Riflessioni

“Parliamone ancora”

Giovanni Del Missier

 

A distanza di qualche tempo dalla tragedia di Pisa, che ha visto la morte di una psichiatra per mano di un malato mentale e i successivi contributi di vari esponenti della psichiatria, della politica e della cultura in genere, ho pensato che valesse fortemente la pena proporre una riflessione che non fosse solamente o dettata dalla immediata indignazione, o fondata sulla riduttiva valutazione statistico-epidemiologica di episodi simili.

Riflessione dettata da un più che quarantennale lavoro psichiatrico e psicoterapeutico, esito di una altrettanta lunga formazione svolta con lo psichiatra Massimo Fagioli e la sua Teoria della nascita.

Una riflessione il più possibile ponderata che non si esaurisca nello sterile ballottaggio tra “legge sì e legge no” oppure tra “malattia o delinquenza” ma che prenda in esame la vicenda partendo da alcune specifiche caratteristiche del rapporto medico paziente in psichiatria.

Personalmente penso che sia la comprensione del fatto sia la proposta di eventuali correttivi di qualunque tipo si tratti (organizzativi-sanitari, istituzionali-legislativi, terapeutici-riabilitativi) esigano, per essere credibili, di una chiarezza preliminare: la distinzione tra “curare” e “prendersi cura”.

Il prendersi cura dipende essenzialmente dalle caratteristiche dell’operatore sanitario coinvolto, fondamentalmente dalla sua affettività. Che esso sia un terapeuta (medico o psicologo) o un infermiere o un’assistente sociale è sempre a lui possibile il prendersi cura di chi sta male. Sottolineiamo anziché, prima ancora che dettato da obblighi professionali, il “prendersi cura” è un elemento generico relativo alla naturale relazione con i nostri simili come movimento di reazione istintiva alla sofferenza altrui.

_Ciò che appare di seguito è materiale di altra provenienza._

lemma cwf_linear_sum:
  assumes L: "cwf_linear lam F" and "finite S" and "\<And>s. s \<in> S \<Longrightarrow> g s \<in> profiles lam"
  shows "F (\<lambda>c. \<Sum>s\<in>S. g s c) = (\<lambda>Z. \<Sum>s\<in>S. F (g s) Z)"
  using \<open>finite S\<close> assms(3)
proof (induction S rule: finite_induct)
  case empty
  then show ?case using cwf_linear_zero[OF L] by simp
next
  case (insert s S)
  have "(\<lambda>c. \<Sum>s\<in>S. g s c) \<in> profiles lam"
    using insert.prems by (auto simp: profiles_def intro!: sum.neutral)
  moreover have "g s \<in> profiles lam" using insert.prems by simp
  ultimately show ?case
    using insert cwf_linear_add[OF L] by simp
qed

lemma cwf_linear_expansion:
  fixes F :: "('c::finite) cwf"
  assumes L: "cwf_linear lam F" and p: "p \<in> profiles lam"
  shows "F p Z = (\<Sum>b\<in>ballots lam. p b * F (delta_ballot b) Z)"
proof -
  have scaled: "(\<lambda>c. p b * delta_ballot b c) \<in> profiles lam" for b
    using p by (auto simp: profiles_def delta_ballot_def)
  have p_eq: "p = (\<lambda>c. \<Sum>b\<in>ballots lam. p b * delta_ballot b c)"
  proof
    fix c
    have "(\<Sum>b\<in>ballots lam. p b * delta_ballot b c) = (\<Sum>b\<in>ballots lam. if c = b then p b else 0)"
      by (rule sum.cong) (auto simp: delta_ballot_def)
    then show "p c = (\<Sum>b\<in>ballots lam. p b * delta_ballot b c)"
      using p by (auto simp: finite_ballots profiles_def)
  qed
  have "F p = F (\<lambda>c. \<Sum>b\<in>ballots lam. p b * delta_ballot b c)"
    using p_eq by (rule arg_cong)
  also have "\<dots> = (\<lambda>Z. \<Sum>b\<in>ballots lam. F (\<lambda>c. p b * delta_ballot b c) Z)"
    by (rule cwf_linear_sum[OF L finite_ballots scaled])
  also have "\<dots> = (\<lambda>Z. \<Sum>b\<in>ballots lam. p b * F (delta_ballot b) Z)"
  proof (intro ext sum.cong refl)
    fix Z and b :: "'c \<Rightarrow> nat" assume "b \<in> ballots lam"
    then show "F (\<lambda>c. p b * delta_ballot b c) Z = p b * F (delta_ballot b) Z"
      using cwf_linear_scale[OF L delta_ballot_profile] by metis
  qed
  finally show ?thesis by simp
qed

Per cui diciamo che essa non è affatto specifica di un operatore sanitario ma appartiene a chiunque sia “semplicemente umano”.

È la base di partenza indispensabile ad ogni possibile cura ma non esaurisce in sé le prerogative di un atto medico. L’atto medico, espressione tangibile e concreta della cura propriamente detta, necessita per realizzarsi, tra gli altri fattori, di un “rapporto medico paziente”, cioè di uno specifico rapporto (terapeutico) tra chi è autorizzato dalla Società civile a curare ovvero ha la facoltà di intervenire su un altro essere umano e colui che chiede per sé un intervento terapeutico (accetta di essere paziente) relativo ad una propria sofferenza e/o patologia. Ma proprio qui sta l’enorme differenza tra la medicina della mente e quella del corpo.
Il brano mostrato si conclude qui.